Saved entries
----

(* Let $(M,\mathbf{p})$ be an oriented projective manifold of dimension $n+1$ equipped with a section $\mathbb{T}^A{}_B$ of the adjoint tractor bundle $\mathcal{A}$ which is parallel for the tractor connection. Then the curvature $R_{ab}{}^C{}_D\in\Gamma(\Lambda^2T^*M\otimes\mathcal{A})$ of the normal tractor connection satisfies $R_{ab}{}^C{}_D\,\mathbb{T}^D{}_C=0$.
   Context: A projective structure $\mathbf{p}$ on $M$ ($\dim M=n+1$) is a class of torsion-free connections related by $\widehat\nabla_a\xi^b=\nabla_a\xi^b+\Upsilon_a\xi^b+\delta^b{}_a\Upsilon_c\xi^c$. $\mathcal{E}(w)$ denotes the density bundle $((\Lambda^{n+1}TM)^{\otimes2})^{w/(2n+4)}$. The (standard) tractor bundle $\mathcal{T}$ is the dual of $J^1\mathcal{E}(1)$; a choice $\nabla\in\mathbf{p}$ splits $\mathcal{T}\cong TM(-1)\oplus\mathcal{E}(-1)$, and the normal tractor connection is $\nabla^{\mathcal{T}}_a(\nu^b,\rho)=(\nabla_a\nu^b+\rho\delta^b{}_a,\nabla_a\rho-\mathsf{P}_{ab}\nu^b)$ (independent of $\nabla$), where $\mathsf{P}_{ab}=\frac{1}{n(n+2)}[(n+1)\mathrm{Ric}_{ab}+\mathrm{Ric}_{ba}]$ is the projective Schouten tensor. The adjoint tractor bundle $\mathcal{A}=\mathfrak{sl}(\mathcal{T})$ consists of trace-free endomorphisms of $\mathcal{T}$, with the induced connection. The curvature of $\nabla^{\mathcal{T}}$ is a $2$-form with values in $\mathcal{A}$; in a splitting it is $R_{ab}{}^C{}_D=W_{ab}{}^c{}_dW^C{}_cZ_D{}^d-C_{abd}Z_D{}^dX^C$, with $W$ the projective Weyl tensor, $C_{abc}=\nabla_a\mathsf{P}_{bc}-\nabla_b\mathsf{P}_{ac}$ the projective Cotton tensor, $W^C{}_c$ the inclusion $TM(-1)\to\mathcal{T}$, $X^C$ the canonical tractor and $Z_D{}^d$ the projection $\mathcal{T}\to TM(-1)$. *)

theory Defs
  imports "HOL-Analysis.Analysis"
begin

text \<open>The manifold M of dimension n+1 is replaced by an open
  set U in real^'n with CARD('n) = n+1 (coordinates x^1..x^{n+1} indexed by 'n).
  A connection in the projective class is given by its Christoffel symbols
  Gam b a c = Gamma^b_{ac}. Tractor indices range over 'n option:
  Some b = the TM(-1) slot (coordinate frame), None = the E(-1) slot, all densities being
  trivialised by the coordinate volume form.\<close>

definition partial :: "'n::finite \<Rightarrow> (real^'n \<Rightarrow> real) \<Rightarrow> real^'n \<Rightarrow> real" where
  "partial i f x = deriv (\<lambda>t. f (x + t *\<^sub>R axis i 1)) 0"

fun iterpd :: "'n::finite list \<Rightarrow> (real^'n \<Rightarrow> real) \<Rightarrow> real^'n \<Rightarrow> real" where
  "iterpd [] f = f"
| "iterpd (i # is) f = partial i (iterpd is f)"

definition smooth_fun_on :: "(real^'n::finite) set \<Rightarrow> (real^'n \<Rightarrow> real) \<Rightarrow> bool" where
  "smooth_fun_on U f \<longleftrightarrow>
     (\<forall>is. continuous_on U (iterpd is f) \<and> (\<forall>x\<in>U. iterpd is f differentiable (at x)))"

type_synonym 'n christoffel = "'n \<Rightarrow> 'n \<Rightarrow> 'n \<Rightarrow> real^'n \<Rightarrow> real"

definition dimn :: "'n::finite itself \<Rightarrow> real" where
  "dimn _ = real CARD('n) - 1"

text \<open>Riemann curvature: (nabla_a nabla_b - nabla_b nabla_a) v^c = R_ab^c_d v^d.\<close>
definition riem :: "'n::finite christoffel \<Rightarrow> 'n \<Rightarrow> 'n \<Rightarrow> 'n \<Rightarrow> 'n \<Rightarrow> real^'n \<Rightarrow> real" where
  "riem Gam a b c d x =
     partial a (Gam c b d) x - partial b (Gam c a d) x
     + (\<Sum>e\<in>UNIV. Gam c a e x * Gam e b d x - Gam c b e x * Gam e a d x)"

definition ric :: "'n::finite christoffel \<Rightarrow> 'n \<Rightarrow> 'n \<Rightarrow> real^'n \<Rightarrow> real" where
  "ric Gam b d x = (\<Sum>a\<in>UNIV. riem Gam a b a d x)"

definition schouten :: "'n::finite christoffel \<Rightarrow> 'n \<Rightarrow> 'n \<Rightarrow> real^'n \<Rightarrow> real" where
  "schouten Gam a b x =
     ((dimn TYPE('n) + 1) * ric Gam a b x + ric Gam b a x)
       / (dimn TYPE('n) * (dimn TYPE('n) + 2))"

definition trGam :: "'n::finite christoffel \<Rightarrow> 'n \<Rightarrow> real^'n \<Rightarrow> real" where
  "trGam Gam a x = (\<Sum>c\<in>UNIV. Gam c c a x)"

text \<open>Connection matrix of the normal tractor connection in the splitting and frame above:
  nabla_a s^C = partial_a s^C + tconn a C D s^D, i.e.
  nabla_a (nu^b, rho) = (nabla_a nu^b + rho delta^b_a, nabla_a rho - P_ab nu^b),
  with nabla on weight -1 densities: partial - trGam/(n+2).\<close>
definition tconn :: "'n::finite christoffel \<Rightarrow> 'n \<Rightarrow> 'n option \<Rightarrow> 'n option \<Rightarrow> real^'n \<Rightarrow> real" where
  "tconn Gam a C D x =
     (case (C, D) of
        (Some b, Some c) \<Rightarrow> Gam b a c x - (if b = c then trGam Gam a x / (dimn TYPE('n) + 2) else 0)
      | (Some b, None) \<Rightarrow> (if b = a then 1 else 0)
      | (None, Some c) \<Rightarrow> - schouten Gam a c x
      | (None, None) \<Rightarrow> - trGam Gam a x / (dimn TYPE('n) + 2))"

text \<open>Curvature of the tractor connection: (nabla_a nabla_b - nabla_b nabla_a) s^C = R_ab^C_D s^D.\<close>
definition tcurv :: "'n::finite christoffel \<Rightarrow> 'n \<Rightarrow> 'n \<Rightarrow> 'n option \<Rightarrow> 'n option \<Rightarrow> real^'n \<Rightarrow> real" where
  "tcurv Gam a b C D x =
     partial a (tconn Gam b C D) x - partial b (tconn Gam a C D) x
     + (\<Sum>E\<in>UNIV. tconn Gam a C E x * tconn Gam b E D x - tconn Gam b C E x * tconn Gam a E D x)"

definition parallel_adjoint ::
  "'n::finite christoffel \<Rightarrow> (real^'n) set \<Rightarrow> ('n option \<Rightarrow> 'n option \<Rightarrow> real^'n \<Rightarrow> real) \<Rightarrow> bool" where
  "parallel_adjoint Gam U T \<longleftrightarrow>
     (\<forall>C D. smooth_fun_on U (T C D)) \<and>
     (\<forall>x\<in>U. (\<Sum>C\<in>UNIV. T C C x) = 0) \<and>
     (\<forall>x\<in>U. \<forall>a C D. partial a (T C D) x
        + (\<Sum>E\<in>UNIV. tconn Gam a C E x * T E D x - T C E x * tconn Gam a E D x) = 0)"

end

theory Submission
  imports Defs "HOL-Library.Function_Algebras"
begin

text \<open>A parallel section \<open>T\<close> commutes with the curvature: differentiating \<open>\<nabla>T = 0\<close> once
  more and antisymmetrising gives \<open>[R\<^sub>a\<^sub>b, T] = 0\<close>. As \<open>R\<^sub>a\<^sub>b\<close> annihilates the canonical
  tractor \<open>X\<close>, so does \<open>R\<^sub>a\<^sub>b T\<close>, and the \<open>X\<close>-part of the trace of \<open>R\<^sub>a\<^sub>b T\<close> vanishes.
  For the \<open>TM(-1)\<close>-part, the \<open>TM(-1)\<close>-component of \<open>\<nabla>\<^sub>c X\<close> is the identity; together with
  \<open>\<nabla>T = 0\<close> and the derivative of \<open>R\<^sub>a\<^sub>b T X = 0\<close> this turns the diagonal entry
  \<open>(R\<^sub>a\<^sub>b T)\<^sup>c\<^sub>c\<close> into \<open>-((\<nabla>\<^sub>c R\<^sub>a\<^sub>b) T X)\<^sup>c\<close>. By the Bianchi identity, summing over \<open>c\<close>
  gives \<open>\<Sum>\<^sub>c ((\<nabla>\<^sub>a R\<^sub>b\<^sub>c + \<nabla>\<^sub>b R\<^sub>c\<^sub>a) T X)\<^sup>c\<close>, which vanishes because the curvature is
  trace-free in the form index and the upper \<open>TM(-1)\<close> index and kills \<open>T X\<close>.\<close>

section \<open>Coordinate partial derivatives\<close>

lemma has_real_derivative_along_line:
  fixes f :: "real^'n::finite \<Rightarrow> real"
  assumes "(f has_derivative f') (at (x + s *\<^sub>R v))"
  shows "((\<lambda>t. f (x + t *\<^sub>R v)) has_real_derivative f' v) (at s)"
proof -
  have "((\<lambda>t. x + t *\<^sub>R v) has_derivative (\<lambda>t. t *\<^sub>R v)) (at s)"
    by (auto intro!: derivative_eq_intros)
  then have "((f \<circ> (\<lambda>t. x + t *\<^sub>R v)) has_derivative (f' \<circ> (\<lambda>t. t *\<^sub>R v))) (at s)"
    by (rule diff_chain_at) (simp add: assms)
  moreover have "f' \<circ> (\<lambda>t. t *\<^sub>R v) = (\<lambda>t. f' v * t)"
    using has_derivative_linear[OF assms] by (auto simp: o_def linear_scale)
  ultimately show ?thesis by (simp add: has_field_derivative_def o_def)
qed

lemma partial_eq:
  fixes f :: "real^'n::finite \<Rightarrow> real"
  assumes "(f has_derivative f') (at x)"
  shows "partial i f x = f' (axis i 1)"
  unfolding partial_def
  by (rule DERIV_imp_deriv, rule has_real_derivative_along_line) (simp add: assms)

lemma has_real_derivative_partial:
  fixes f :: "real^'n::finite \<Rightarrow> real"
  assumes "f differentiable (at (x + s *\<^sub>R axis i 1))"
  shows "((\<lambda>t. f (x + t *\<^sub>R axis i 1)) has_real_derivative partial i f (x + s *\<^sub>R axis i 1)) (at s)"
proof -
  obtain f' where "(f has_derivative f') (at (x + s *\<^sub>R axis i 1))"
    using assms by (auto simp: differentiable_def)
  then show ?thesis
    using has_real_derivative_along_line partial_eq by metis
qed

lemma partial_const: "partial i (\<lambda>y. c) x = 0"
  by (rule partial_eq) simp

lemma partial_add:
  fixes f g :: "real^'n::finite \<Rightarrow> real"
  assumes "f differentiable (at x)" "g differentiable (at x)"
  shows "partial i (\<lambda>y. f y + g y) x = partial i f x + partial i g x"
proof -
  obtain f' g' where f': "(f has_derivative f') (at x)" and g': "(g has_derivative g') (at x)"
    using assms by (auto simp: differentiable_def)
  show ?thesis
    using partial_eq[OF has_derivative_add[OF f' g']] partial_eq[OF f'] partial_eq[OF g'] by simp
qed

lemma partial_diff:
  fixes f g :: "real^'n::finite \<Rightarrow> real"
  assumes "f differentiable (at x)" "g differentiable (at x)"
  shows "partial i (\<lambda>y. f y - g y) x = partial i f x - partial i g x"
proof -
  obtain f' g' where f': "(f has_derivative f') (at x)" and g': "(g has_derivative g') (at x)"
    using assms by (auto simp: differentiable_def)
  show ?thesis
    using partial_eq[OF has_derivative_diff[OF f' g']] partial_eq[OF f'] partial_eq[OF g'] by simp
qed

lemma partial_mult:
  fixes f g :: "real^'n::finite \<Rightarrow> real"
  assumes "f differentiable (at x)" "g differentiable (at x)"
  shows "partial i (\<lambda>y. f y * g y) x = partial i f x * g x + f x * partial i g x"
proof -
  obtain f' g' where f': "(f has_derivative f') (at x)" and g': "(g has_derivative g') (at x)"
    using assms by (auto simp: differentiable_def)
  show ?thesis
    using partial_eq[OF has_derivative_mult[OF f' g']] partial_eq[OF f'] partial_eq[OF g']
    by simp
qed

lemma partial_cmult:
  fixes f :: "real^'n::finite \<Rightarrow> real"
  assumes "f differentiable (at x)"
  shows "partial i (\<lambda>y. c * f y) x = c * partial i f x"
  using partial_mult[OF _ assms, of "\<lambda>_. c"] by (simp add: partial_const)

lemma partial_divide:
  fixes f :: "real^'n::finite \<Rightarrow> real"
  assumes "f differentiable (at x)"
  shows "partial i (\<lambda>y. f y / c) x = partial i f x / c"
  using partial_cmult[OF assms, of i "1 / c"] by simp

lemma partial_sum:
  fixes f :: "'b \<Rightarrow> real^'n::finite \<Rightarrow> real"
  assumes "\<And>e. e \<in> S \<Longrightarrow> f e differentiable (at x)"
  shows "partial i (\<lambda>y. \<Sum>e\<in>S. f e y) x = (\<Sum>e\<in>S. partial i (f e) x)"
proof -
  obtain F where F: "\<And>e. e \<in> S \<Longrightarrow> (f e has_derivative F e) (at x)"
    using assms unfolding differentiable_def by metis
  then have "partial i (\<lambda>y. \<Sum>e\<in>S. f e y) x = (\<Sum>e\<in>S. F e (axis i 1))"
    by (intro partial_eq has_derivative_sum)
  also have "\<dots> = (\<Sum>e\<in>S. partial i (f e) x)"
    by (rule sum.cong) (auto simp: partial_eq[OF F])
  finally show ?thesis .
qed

----

**Work to be completed:** Respond with only the number of lines in the data that include the string "lemma".

**Response to this task:** 10